HAPPY_COLORS_PALETTE = ["#01BEFE", "#FFDD00", "#FF7D00", "#FF006D", "#ADFF02", "#8F00FF"]

sns.set_palette(sns.color_palette(HAPPY_COLORS_PALETTE))

rcParams['figure.figsize'] = 12, 8

RANDOM_SEED = 42
np.random.seed(RANDOM_SEED)
torch.manual_seed(RANDOM_SEED)

device = torch.device("cuda:0" if torch.cuda.is_available() else "cpu")
device

device(type='cuda', index=0)

### Data Preprocessing

In [None]:
df = pd.read_csv('imdb.csv')
df.head()

Unnamed: 0,review,sentiment
0,One of the other reviewers has mentioned that ...,positive
1,A wonderful little production. <br /><br />The...,positive
2,I thought this was a wonderful way to spend ti...,positive
3,Basically there's a family where a little boy ...,negative
4,"Petter Mattei's ""Love in the Time of Money"" is...",positive


In [None]:
from sklearn.utils import shuffle
df = shuffle(df)
df.head(20)

Unnamed: 0,review,sentiment
33553,I really liked this Summerslam due to the look...,positive
9427,Not many television shows appeal to quite as m...,positive
199,The film quickly gets to a major chase scene w...,negative
12447,Jane Austen would definitely approve of this o...,positive
39489,Expectations were somewhat high for me when I ...,negative
42724,I've watched this movie on a fairly regular ba...,positive
10822,For once a story of hope highlighted over the ...,positive
49498,"Okay, I didn't get the Purgatory thing the fir...",positive
4144,I was very disappointed with this series. It h...,negative
36958,The first 30 minutes of Tinseltown had my fing...,negative


In [None]:
df = df[:24000]
len(df)

24000

In [None]:
import re
def clean_text(text):
    text = re.sub(r"@[A-Za-z0-9]+", ' ', text)
    text = re.sub(r"https?://[A-Za-z0-9./]+", ' ', text)
    text = re.sub(r"[^a-zA-z.!?'0-9]", ' ', text)
    text = re.sub('\t', ' ',  text)
    text = re.sub(r" +", ' ', text)
    return text

In [None]:
df['review'] = df['review'].apply(clean_text)

In [None]:
def sentiment2label(sentiment):
    if sentiment == "positive":
        return 1
    else :
        return 0

df['sentiment'] = df['sentiment'].apply(sentiment2label)

In [None]:
df['sentiment'].value_counts()

0    12006
1    11994
Name: sentiment, dtype: int64

In [None]:
class_names = ['negative', 'positive']

### XLNetTokenizer

In [None]:
conda install sentencepiece

Looking in indexes: https://pypi.org/simple, https://us-python.pkg.dev/colab-wheels/public/simple/


In [None]:
from transformers import XLNetTokenizer, XLNetModel
PRE_TRAINED_MODEL_NAME = 'xlnet-base-cased'
tokenizer = XLNetTokenizer.from_pretrained(PRE_TRAINED_MODEL_NAME)

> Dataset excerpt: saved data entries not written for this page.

lemma knot_span_cover:
  fixes t :: "real list"
  assumes "sorted t" "A \<in> set t" "B \<in> set t"
    and mult: "\<forall>w. A < w \<and> w < B \<longrightarrow> count_list t w \<le> q"
    and "A \<le> x" "x < y" "y \<le> B" "A \<le> x'" "x' < y'" "y' \<le> B" "max x x' \<le> min y y'"
    and span: "\<forall>z\<in>set t. \<not> (x < z \<and> z < y)" and span': "\<forall>z\<in>set t. \<not> (x' < z \<and> z < y')"
    and enough: "q + 2 \<le> length (filter (\<lambda>z. A \<le> z \<and> z \<le> B) t)"
  shows "\<exists>l. l + q + 1 < length t \<and> A \<le> t ! l \<and> t ! l \<le> min x x'
           \<and> max y y' \<le> t ! (l + q + 1) \<and> t ! (l + q + 1) \<le> B"
proof -
  define P where "P z \<longleftrightarrow> min x x' < z \<and> z < max y y'" for z
  define w where "w = (if x \<le> x' then y else y')"
  \<comment> \<open>the two overlapping spans leave at most the single knot value w uncovered\<close>
  have only_w: "z = w" if "z \<in> set t" "P z" for z
    using that(2) span[rule_format, OF that(1)] span'[rule_format, OF that(1)] assms(6,9,11)
    unfolding P_def w_def by (auto simp: min_def max_def split: if_splits)
  have "length (filter P t) \<le> q"
  proof (cases "P w")
    case True
    have "length (filter P t) \<le> length (filter ((=) w) t)"
      using only_w by (induction t) auto
    also have "\<dots> \<le> q"
    proof -
      have "A < w" "w < B"
        using True assms(5,7,8,10) unfolding P_def by linarith+
      then show ?thesis
        using mult by (simp add: count_list_eq_length_filter)
    qed
    finally show ?thesis .
  next
    case False
    then have "filter P t = []"
      using only_w by (auto simp: filter_empty_conv)
    then show ?thesis by simp
  qed
  then show ?thesis
    using sorted_knot_window[OF assms(1-3), of "min x x'" "max y y'" q] assms(5-10) enough
    unfolding P_def by auto
qed

subsection \<open>Supports of tensor-product B-splines\<close>

lemma bspl_nonneg_and_vanishes_outside:
  assumes "sorted t" "j + q + 1 < length t"
  shows "0 \<le> bspl t q j x \<and> (bspl t q j x \<noteq> 0 \<longrightarrow> t ! j \<le> x \<and> x < t ! (j + q + 1))"
  using assms(2)
proof (induction q arbitrary: j)
  case (Suc q)
  have le: "t ! j \<le> t ! (j + 1)" "t ! j \<le> t ! (j + q + 1)" "t ! (j + 1) \<le> t ! (j + q + 2)"
    using sorted_nth_mono[OF assms(1)] Suc.prems by auto
  have IH: "0 \<le> bspl t q j x \<and> (bspl t q j x \<noteq> 0 \<longrightarrow> t ! j \<le> x)"
           "0 \<le> bspl t q (j + 1) x \<and> (bspl t q (j + 1) x \<noteq> 0 \<longrightarrow> t ! (j + 1) \<le> x \<and> x < t ! (j + q + 2))"
    using Suc.IH[of j] Suc.IH[of "j + 1"] Suc.prems by (simp_all add: algebra_simps)
  have left: "0 \<le> (x - t ! j) / (t ! (j + q + 1) - t ! j) * bspl t q j x"
    using IH(1) le by (cases "bspl t q j x = 0") auto
  have right: "0 \<le> (t ! (j + q + 2) - x) / (t ! (j + q + 2) - t ! (j + 1)) * bspl t q (j + 1) x"
    using IH(2) le by (cases "bspl t q (j + 1) x = 0") auto
  have "t ! j \<le> x \<and> x < t ! (j + q + 2)" if "bspl t (Suc q) j x \<noteq> 0"
    using that Suc.IH[of j] Suc.prems IH(2) le sorted_nth_mono[OF assms(1), of "j + q + 1" "j + q + 2"]
    by (cases "bspl t q j x = 0") (auto simp: algebra_simps)
  then show ?case
    using left right by simp
qed simp

lemma bspl_pos:
  assumes "sorted t" "j + q + 1 < length t" "t ! j < x" "x < t ! (j + q + 1)" "x \<notin> set t"
  shows "0 < bspl t q j x"
  using assms(2-4)
proof (induction q arbitrary: j)
  case (Suc q)
  have le: "t ! j \<le> t ! (j + q + 1)" "t ! (j + 1) \<le> t ! (j + q + 1)"
    "t ! (j + q + 1) \<le> t ! (j + q + 2)"
    using sorted_nth_mono[OF assms(1)] Suc.prems(1) by auto
  have nonneg: "0 \<le> bspl t q j x" "0 \<le> bspl t q (j + 1) x"
    using bspl_nonneg_and_vanishes_outside[OF assms(1)] Suc.prems(1) by auto
  have left: "0 \<le> (x - t ! j) / (t ! (j + q + 1) - t ! j) * bspl t q j x"
    using nonneg le Suc.prems by (intro mult_nonneg_nonneg divide_nonneg_nonneg) auto
  have right: "0 \<le> (t ! (j + q + 2) - x) / (t ! (j + q + 2) - t ! (j + 1)) * bspl t q (j + 1) x"
    using nonneg le Suc.prems by (intro mult_nonneg_nonneg divide_nonneg_nonneg) auto
  \<comment> \<open>x is not a knot, so it lies strictly inside one of the two spans of degree q\<close>
  have "x \<noteq> t ! (j + q + 1)"
    using assms(5) Suc.prems(1) nth_mem[of "j + q + 1" t] by auto
  then consider "x < t ! (j + q + 1)" | "t ! (j + 1) < x" "x < t ! (j + q + 2)"
    using le Suc.prems(3) by fastforce
  then show ?case
  proof cases
    case 1
    then have "0 < bspl t q j x"
      using Suc.IH[of j] Suc.prems by simp
    then show ?thesis
      using 1 Suc.prems right by (simp add: add_pos_nonneg)
  next
    case 2
    then have "0 < bspl t q (j + 1) x"
      using Suc.IH[of "j + 1"] Suc.prems by (simp add: algebra_simps)
    then show ?thesis
      using 2 left by (simp add: add_nonneg_pos)
  qed
qed simp

definition tensor_bspl :: "('n::finite \<Rightarrow> real list) \<Rightarrow> ('n \<Rightarrow> nat) \<Rightarrow> ('n \<Rightarrow> nat)
     \<Rightarrow> real^'n \<Rightarrow> real" where
  "tensor_bspl t q J x = (\<Prod>i\<in>UNIV. bspl (t i) (q i) (J i) (x $ i))"

lemma mem_bsplines_iff:
  "\<beta> \<in> bsplines p K0 k \<longleftrightarrow>
     (\<exists>J. (\<forall>i. J i + p i + 1 < length (knots K0 k i)) \<and> \<beta> = tensor_bspl (knots K0 k) p J)"
  by (simp add: bsplines_def tensor_bspl_def fun_eq_iff)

Downloading (…)ve/main/spiece.model:   0%|          | 0.00/798k [00:00<?, ?B/s]

Downloading (…)lve/main/config.json:   0%|          | 0.00/760 [00:00<?, ?B/s]

In [None]:
input_txt = "India is my country. All Indians are my brothers and sisters"
encodings = tokenizer.encode_plus(input_txt, add_special_tokens=True, max_length=16, return_tensors='pt', return_token_type_ids=False, return_attention_mask=True, pad_to_max_length=False)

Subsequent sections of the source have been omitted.